The surprise move was spurred by the University of Tokyo-educated actor's reconciliation with his father, Ichikawa Ennosuke III, from whom he was separated soon after birth, and his desire for his son, Masaaki, to take the Kabuki actor's name dating from 1871 to continue the family tradition.

"The name Ennosuke has been carried down for 140 years. How could I choose not to get on this ship when I have my son, Masaaki," Kagawa, 45, said at a press conference in Tokyo on Sept. 27. "I would not have chosen this path if (my child) were a daughter."

He also then announced that his 7-year-old son, Masaaki, would debut as a Kabuki actor with his father at Tokyo's Shimbashi Embujo theater next June.

Kagawa has no experience performing Kabuki. After Ennosuke and his actress mother, Yuko Hama, divorced, he grew up with her and did not spend any time with his father.

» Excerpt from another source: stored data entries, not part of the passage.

(* Let $S,T$ be numberings of shape $\lambda\vdash n$, let $1\le i\le\ell(\lambda)-1$ and $1\le j\le\lambda_{i+1}$. Define \[ \pi_{i,j}^T(S)=\sum_{U\in\Xi_{i,j}(S)}\sigma_{U,T}\,a_U . \] Then $(-1)^j\pi_{i,j}^T(S)-\sigma_{S,T}\,a_S\in\ker\Psi^T$.
   Context: Permutations in $\mathfrak S_n$ act on $[n]$, products are compositions $(\sigma\tau)(k)=\sigma(\tau(k))$. A numbering of shape $\lambda\vdash n$ is a filling of the Young diagram of $\lambda$ (rows indexed top to bottom; $\ell(\lambda)$ = number of rows) with $1,\dots,n$, each exactly once. For $\pi\in\mathfrak S_n$, $\pi\cdot T$ replaces each entry $k$ by $\pi(k)$; $\sigma_{T,S}$ is the unique permutation with $\sigma_{T,S}\cdot T=S$. $R(T)$, $C(T)$ are the row and column groups; $a_T=\sum_{\rho\in R(T)}\rho$, $b_T=\sum_{\zeta\in C(T)}\operatorname{sgn}(\zeta)\zeta$. Let $\widetilde{\mathcal M}^T=a_T\,\mathbb C[\mathfrak S_n]$ (right submodule; note $\sigma_{U,T}a_U=a_T\sigma_{U,T}$), and $\Psi^T:\widetilde{\mathcal M}^T\to\mathbb C[\mathfrak S_n]$ the right-module homomorphism $a_Tx\mapsto b_Ta_Tx$. Let $J$ be the set of the first (leftmost) $j$ entries of row $i+1$ of $S$. The set $\Xi_{i,j}(S)$ consists of the numberings obtained from $S$, one for each $j$-element subset $B$ of the entries of row $i$ of $S$, by moving the entries of $J$ to the positions in row $i$ previously occupied by $B$ and the entries of $B$ to the positions in row $i+1$ previously occupied by $J$, preserving relative left-to-right order within each subset. *)

theory Defs
  imports Complex_Main "HOL-Combinatorics.Permutations"
begin

text \<open>Partitions: a partition lambda of n is a weakly decreasing list of positive
  naturals summing to n. Row r (1-based) has length lam ! (r - 1).\<close>
definition is_partition :: "nat list \<Rightarrow> nat \<Rightarrow> bool" where
  "is_partition lam n \<longleftrightarrow> sorted_wrt (\<ge>) lam \<and> 0 \<notin> set lam \<and> sum_list lam = n"

definition cells :: "nat list \<Rightarrow> (nat \<times> nat) set" where
  "cells lam = {(r, c). 1 \<le> r \<and> r \<le> length lam \<and> 1 \<le> c \<and> c \<le> lam ! (r - 1)}"

text \<open>A numbering of shape lam: a filling of the cells with 1..n, each exactly once
  (values outside the diagram are irrelevant).\<close>
definition numbering :: "nat list \<Rightarrow> nat \<Rightarrow> (nat \<times> nat \<Rightarrow> nat) \<Rightarrow> bool" where
  "numbering lam n T \<longleftrightarrow> bij_betw T (cells lam) {1..n}"

definition Sym :: "nat \<Rightarrow> (nat \<Rightarrow> nat) set" where
  "Sym n = {p. p permutes {1..n}}"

According to sources at Kabuki production company Shochiku Co., Kagawa went to see Ennosuke's "Super Kabuki" performance around 1986.

Impressed by the performance, Kagawa sought to meet with Ennosuke, telling officials at the theater, "I'm his son. Please let me see him."

But Ennosuke flatly turned down the request, only returning a chilly message: "I have no children." Kagawa must have had a longing to meet his father over the years, one of the sources said.

At the news conference, also attended by Ennosuke, Masaaki Kagawa and other Kabuki actors, Kagawa revealed that Ennosuke had moved in with him and his family in spring this year.

Their reconciliation was mediated by the late Fujima Murasaki, a Japanese classical dance artist and Ennosuke's second wife, after the 71-year-old Kabuki actor showed symptoms of a stroke in 2003, according to the sources.

She apparently thought Ennosuke would need his son to ensure his name would continue. Murasaki died in 2009.